I am using randomForest for classification of data and I am unable to understand:
1- How can we obtain the information (preferably in a dataframe of 3 columns) which tells us the real classification in testData
(e.g. in below example Species
column), prediction made by random forest, and the probability score of that prediction.
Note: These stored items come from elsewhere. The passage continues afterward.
(* Let $E_8$, $\alpha_0,\dots,\alpha_8$, $n_i$, $L=L(i)$ and $\xi$ be as in the context. Write $L=R_1\oplus\cdots\oplus R_l$ with $R_k$ indecomposable root lattices with root systems $\Phi_k$, let $s^k=s(\Phi_k)\in V_{\sqrt2R_k}\subset V_{\sqrt2L}\subset V_{\sqrt2E_8}$, and let \[U=\{v\in V_{\sqrt2E_8} : (s^k)_1v=0\text{ for all }k=1,\dots,l\}.\] For $j=1,\dots,n_i-1$ let $H_j=\{\alpha\in j\alpha_i+L:\langle\alpha,\alpha\rangle=2\}$ and $X^j=\sum_{\alpha\in H_j}e^{\sqrt2\alpha}$. Let $\hat e=\frac1{16}\omega+\frac1{32}\sum_{\alpha\in\Phi(E_8)}e^{\sqrt2\alpha}$ and $\hat f=\sigma\hat e$. Then (1) $X^j\in U$ for $j=1,\dots,n_i-1$; (2) $\hat e,\hat f\in U$.
   Context: $E_8$ is the root lattice of type $E_8$ with simple roots $\alpha_1,\dots,\alpha_8$: $\langle\alpha_j,\alpha_j\rangle=2$, $\langle\alpha_j,\alpha_{j+1}\rangle=-1$ for $1\le j\le6$, $\langle\alpha_5,\alpha_8\rangle=-1$, all other pairs orthogonal. Set $\alpha_0=-(2\alpha_1+3\alpha_2+4\alpha_3+5\alpha_4+6\alpha_5+4\alpha_6+2\alpha_7+3\alpha_8)$ (minus the highest root; it is a root with $\langle\alpha_0,\alpha_1\rangle=-1$, orthogonal to $\alpha_2,\dots,\alpha_8$), so $\alpha_0,\dots,\alpha_8$ form the extended $E_8$ diagram. Let $(n_0,\dots,n_8)=(1,2,3,4,5,6,4,2,3)$. Fix $i\in\{0,\dots,8\}$ and let $L=L(i)$ be the sublattice generated by $\{\alpha_j:0\le j\le8,\ j\ne i\}$; then $|E_8/L|=n_i$ and $E_8=\bigcup_{j=0}^{n_i-1}(j\alpha_i+L)$. $\Phi(E_8)$ is the set of $240$ roots of $E_8$. $V_{\sqrt2E_8}=M(1)\otimes\mathbb{C}[\sqrt2E_8]$ is the standard lattice vertex operator algebra (ordinary group algebra, since $\sqrt2E_8$ is doubly even) with Virasoro element $\omega$; $V_{\sqrt2L}$ is its subalgebra $M(1)\otimes\mathbb{C}[\sqrt2L]$, and $V_{\sqrt2L}\cong V_{\sqrt2R_1}\otimes\cdots\otimes V_{\sqrt2R_l}$. For an indecomposable root lattice $R$ of type $A,D,E$ with root system $\Phi_R$, positive roots $\Phi_R^+$ and Coxeter number $h$, $s(\Phi_R)=\frac1{2(h+2)}\sum_{\alpha\in\Phi_R^+}(\alpha(-1)^2\cdot1-2(e^{\sqrt2\alpha}+e^{-\sqrt2\alpha}))\in V_{\sqrt2R}$. The automorphism $\sigma$ of $V_{\sqrt2E_8}$ acts on $M(1)\otimes e^{\sqrt2\gamma}$ for $\gamma\in j\alpha_i+L$ as multiplication by $\xi^j$, where $\xi=e^{2\pi\sqrt{-1}/n_i}$. Component operators: $Y(v,z)=\sum_nv_nz^{-n-1}$. *)

theory Defs
  imports Complex_Main "HOL-Library.Multiset" "HOL-Library.Product_Lexorder"
begin

section \<open>The lattice E8 in coordinates w.r.t. alpha_1..alpha_8\<close>

type_synonym lat = "nat \<Rightarrow> int"   (* coordinates, indices 1..8, zero elsewhere *)

definition E8 :: "lat set" where
  "E8 = {x. \<forall>k. k \<notin> {1..8} \<longrightarrow> x k = 0}"

definition gram :: "nat \<Rightarrow> nat \<Rightarrow> int" where
  "gram a b = (if a \<in> {1..8} \<and> b \<in> {1..8} then
      (if a = b then 2
       else if (a + 1 = b \<and> a \<le> 6) \<or> (b + 1 = a \<and> b \<le> 6) \<or> {a, b} = {5, 8} then -1
       else 0)
    else 0)"

definition ip :: "lat \<Rightarrow> lat \<Rightarrow> int" where
  "ip x y = (\<Sum>a=1..8. \<Sum>b=1..8. x a * gram a b * y b)"

definition neg :: "lat \<Rightarrow> lat" where "neg x = (\<lambda>k. - x k)"

(* coefficients of the highest root *)
definition hr :: "nat \<Rightarrow> int" where
  "hr k = (if k \<in> {1..8} then [2,3,4,5,6,4,2,3] ! (k - 1) else 0)"

(* simple roots alpha_1..alpha_8 and alpha_0 = - highest root *)
definition sr :: "nat \<Rightarrow> lat" where
  "sr j = (if j = 0 then (\<lambda>k. - hr k) else (\<lambda>k. if k = j then 1 else 0))"

definition nn :: "nat \<Rightarrow> nat" where
  "nn i = [1,2,3,4,5,6,4,2,3] ! i"

definition lcomb :: "(nat \<Rightarrow> int) \<Rightarrow> nat set \<Rightarrow> lat" where
  "lcomb c S = (\<lambda>k. \<Sum>j\<in>S. c j * sr j k)"

definition Lsub :: "nat \<Rightarrow> lat set" where
  "Lsub i = {lcomb c ({0..8} - {i}) | c. True}"

definition PhiE8 :: "lat set" where
  "PhiE8 = {x \<in> E8. ip x x = 2}"

section \<open>Decomposition of L(i) into indecomposable root lattices\<close>

definition Dnodes :: "nat \<Rightarrow> nat set" where "Dnodes i = {0..8} - {i}"

definition adj :: "nat \<Rightarrow> (nat \<times> nat) set" where
  "adj i = {(a, b). a \<in> Dnodes i \<and> b \<in> Dnodes i \<and> a \<noteq> b \<and> ip (sr a) (sr b) \<noteq> 0}"

(* connected components of the Dynkin diagram of L(i): the simple roots of R_1,...,R_l *)
definition comps :: "nat \<Rightarrow> nat set set" where
  "comps i = {{b \<in> Dnodes i. (a, b) \<in> (adj i)\<^sup>*} | a. a \<in> Dnodes i}"

definition Rlat :: "nat set \<Rightarrow> lat set" where
  "Rlat C = {lcomb c C | c. True}"

definition PhiR :: "nat set \<Rightarrow> lat set" where
  "PhiR C = {x \<in> Rlat C. ip x x = 2}"

definition PhiPos :: "nat set \<Rightarrow> lat set" where
  "PhiPos C = {x \<in> PhiR C. \<exists>c. (\<forall>j\<in>C. c j \<ge> 0) \<and> x = lcomb c C}"

definition refl :: "lat \<Rightarrow> lat \<Rightarrow> lat" where
  "refl a x = (\<lambda>k. x k - ip x a * a k)"

definition cox :: "nat set \<Rightarrow> lat \<Rightarrow> lat" where
  "cox C = foldr (\<lambda>j f. refl (sr j) \<circ> f) (sorted_list_of_set C) id"

definition coxnum :: "nat set \<Rightarrow> nat" where
  "coxnum C = (LEAST m. m > 0 \<and> (\<forall>x\<in>E8. (cox C ^^ m) x = x))"

section \<open>The lattice VOA V_{sqrt2 E8} = M(1) (x) C[sqrt2 E8]\<close>

(* basis vector (M, g) = prod_{(a,n) in M} alpha_a(-n) (x) e^{sqrt2 g} *)
type_synonym bas = "(nat \<times> nat) multiset \<times> lat"
type_synonym vvec = "bas \<Rightarrow> complex"

definition validbas :: "bas set" where
  "validbas = {(M, g). (\<forall>p\<in>#M. fst p \<in> {1..8} \<and> snd p \<ge> 1) \<and> g \<in> E8}"

definition supp :: "vvec \<Rightarrow> bas set" where "supp v = {b. v b \<noteq> 0}"

definition VE8 :: "vvec set" where
  "VE8 = {v. finite (supp v) \<and> supp v \<subseteq> validbas}"

definition bvec :: "bas \<Rightarrow> vvec" where
  "bvec b = (\<lambda>b'. if b' = b then 1 else 0)"

definition extend :: "(bas \<Rightarrow> vvec) \<Rightarrow> vvec \<Rightarrow> vvec" where
  "extend T v = (\<lambda>b'. \<Sum>b\<in>supp v. v b * T b b')"

(* Heisenberg operator alpha_a(m) on basis vectors; h = C (x) sqrt2 E8 with the form of E8 *)
definition heis_b :: "nat \<Rightarrow> int \<Rightarrow> bas \<Rightarrow> vvec" where
  "heis_b a m b = (case b of (M, g) \<Rightarrow>
     if m < 0 then bvec (M + {#(a, nat (- m))#}, g)
     else if m = 0 then (\<lambda>b'. complex_of_real (sqrt 2) * of_int (ip (sr a) g) * bvec (M, g) b')
     else (\<lambda>b'. \<Sum>p\<in>set_mset M. if snd p = nat m
            then of_int m * of_int (ip (sr a) (sr (fst p))) * of_nat (count M p) * bvec (M - {#p#}, g) b'
            else 0))"

definition heis :: "nat \<Rightarrow> int \<Rightarrow> vvec \<Rightarrow> vvec" where
  "heis a m = extend (heis_b a m)"

(* x(m) for x = sum_a c a * alpha_a in h *)
definition hmode :: "(nat \<Rightarrow> complex) \<Rightarrow> int \<Rightarrow> vvec \<Rightarrow> vvec" where
  "hmode c m v = (\<lambda>b. \<Sum>a=1..8. c a * heis a m v b)"

(* coefficient of z^p in E^-(-x,z) = exp(sum_{r>0} x(-r)/r z^r) *)
definition Eminus :: "(nat \<Rightarrow> complex) \<Rightarrow> nat \<Rightarrow> vvec \<Rightarrow> vvec" where
  "Eminus c p v = (\<lambda>b. \<Sum>rs\<in>{rs. set rs \<subseteq> {1..p} \<and> sum_list rs = p}.
      (1 / fact (length rs)) * prod_list (map (\<lambda>r. 1 / of_nat r) rs)
      * foldr (\<lambda>r f. hmode c (- int r) \<circ> f) rs id v b)"

(* coefficient of z^(-q) in E^+(-x,z) = exp(- sum_{r>0} x(r)/r z^(-r)) *)
definition Eplus :: "(nat \<Rightarrow> complex) \<Rightarrow> nat \<Rightarrow> vvec \<Rightarrow> vvec" where
  "Eplus c q v = (\<lambda>b. \<Sum>rs\<in>{rs. set rs \<subseteq> {1..q} \<and> sum_list rs = q}.
      (1 / fact (length rs)) * prod_list (map (\<lambda>r. - 1 / of_nat r) rs)
      * foldr (\<lambda>r f. hmode c (int r) \<circ> f) rs id v b)"

(* e^{sqrt2 beta} acting on the group algebra part (no cocycle) *)
definition shift :: "lat \<Rightarrow> vvec \<Rightarrow> vvec" where
  "shift \<beta> v = (\<lambda>(M, g). v (M, (\<lambda>k. g k - \<beta> k)))"

definition deg :: "(nat \<times> nat) multiset \<Rightarrow> nat" where
  "deg M = (\<Sum>p\<in>#M. snd p)"

definition hprod :: "((nat \<times> nat) list) \<Rightarrow> int list \<Rightarrow> nat list \<Rightarrow> vvec \<Rightarrow> vvec" where
  "hprod xs ms js = foldr (\<lambda>j f. heis (fst (xs ! j)) (ms ! j) \<circ> f) js id"

(* Component (v_bv)_N applied to basis vector bw, where
   Y(prod_j alpha_{a_j}(-n_j) e^{sqrt2 beta}, z)
     = : prod_j (1/(n_j-1)!) d^{n_j-1} alpha_{a_j}(z)  E^-(-sqrt2 beta,z) E^+(-sqrt2 beta,z) e^{sqrt2 beta} z^{sqrt2 beta} :
   The summation box is large enough to contain every nonzero contribution. *)
definition Ybas :: "bas \<Rightarrow> int \<Rightarrow> bas \<Rightarrow> vvec" where
  "Ybas bv N bw = (case bv of (Mv, \<beta>) \<Rightarrow> case bw of (Mw, \<gamma>) \<Rightarrow>
     let xs = sorted_list_of_multiset Mv; k = length xs; c = 2 * ip \<beta> \<gamma>;
         B = nat (\<bar>N\<bar> + 1 + \<bar>c\<bar> + 2 * int (deg Mw) + int (deg Mv));
         sb = (\<lambda>a. complex_of_real (sqrt 2) * of_int (\<beta> a))
     in (\<lambda>b. \<Sum>(ms, p, q)\<in>{(ms, p, q). length ms = k \<and> set ms \<subseteq> {- int B..int B} \<and> p \<le> B \<and> q \<le> B
                \<and> (\<Sum>j<k. - (ms ! j) - int (snd (xs ! j))) + int p - int q + c = - N - 1}.
          (\<Prod>j<k. (of_int (- (ms ! j) - 1) :: complex) gchoose (snd (xs ! j) - 1))
          * (hprod xs ms (filter (\<lambda>j. ms ! j < 0) [0..<k])
               (Eminus sb p (Eplus sb q (shift \<beta>
                 (hprod xs ms (filter (\<lambda>j. ms ! j \<ge> 0) [0..<k]) (bvec (Mw, \<gamma>)))))) b)))"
For example just consider the below data set and 1 case where in testData
the Species (blinded information for random forest) was versicolor but it was predicted wrongly by classifier as virginica with a probability score of 0.67. I want this kind of information but don't know how can I obtain this
2- How can we get the confusion matrix for testData
and trainingData
which also gives us the class.error, like in the case when we print the model.
data(iris)
set.seed(111)
ind <- sample(2, nrow(iris), replace = TRUE, prob=c(0.8, 0.2))
trainData <- iris[ind==1,]
testData <- iris[ind==2,]
#grow forest
iris.rf <- randomForest(Species ~ ., data=trainData)
print(iris.rf)
Call:
randomForest(formula = Species ~ ., data = trainData)
Type of random forest: classification
Number of trees: 500
No. of variables tried at each split: 2
OOB estimate of error rate: 3.33%
Confusion matrix:
setosa versicolor virginica class.error
setosa 45 0 0 0.00000000
versicolor 0 39 1 0.02500000
virginica 0 3 32 0.08571429
**#predict using the training again...**
iris.pred <- predict(iris.rf, trainData)
table(observed = trainData$Species, predicted = iris.pred)
predicted
observed setosa versicolor virginica
setosa 45 0 0
versicolor 0 40 0
virginica 0 0 35
**#Testing on testData**
irisPred<-predict(iris.rf, newdata = testData)
table(irisPred, testData$Species)
irisPred setosa versicolor virginica
setosa 5 0 0
versicolor 0 8 1
virginica 0 2 14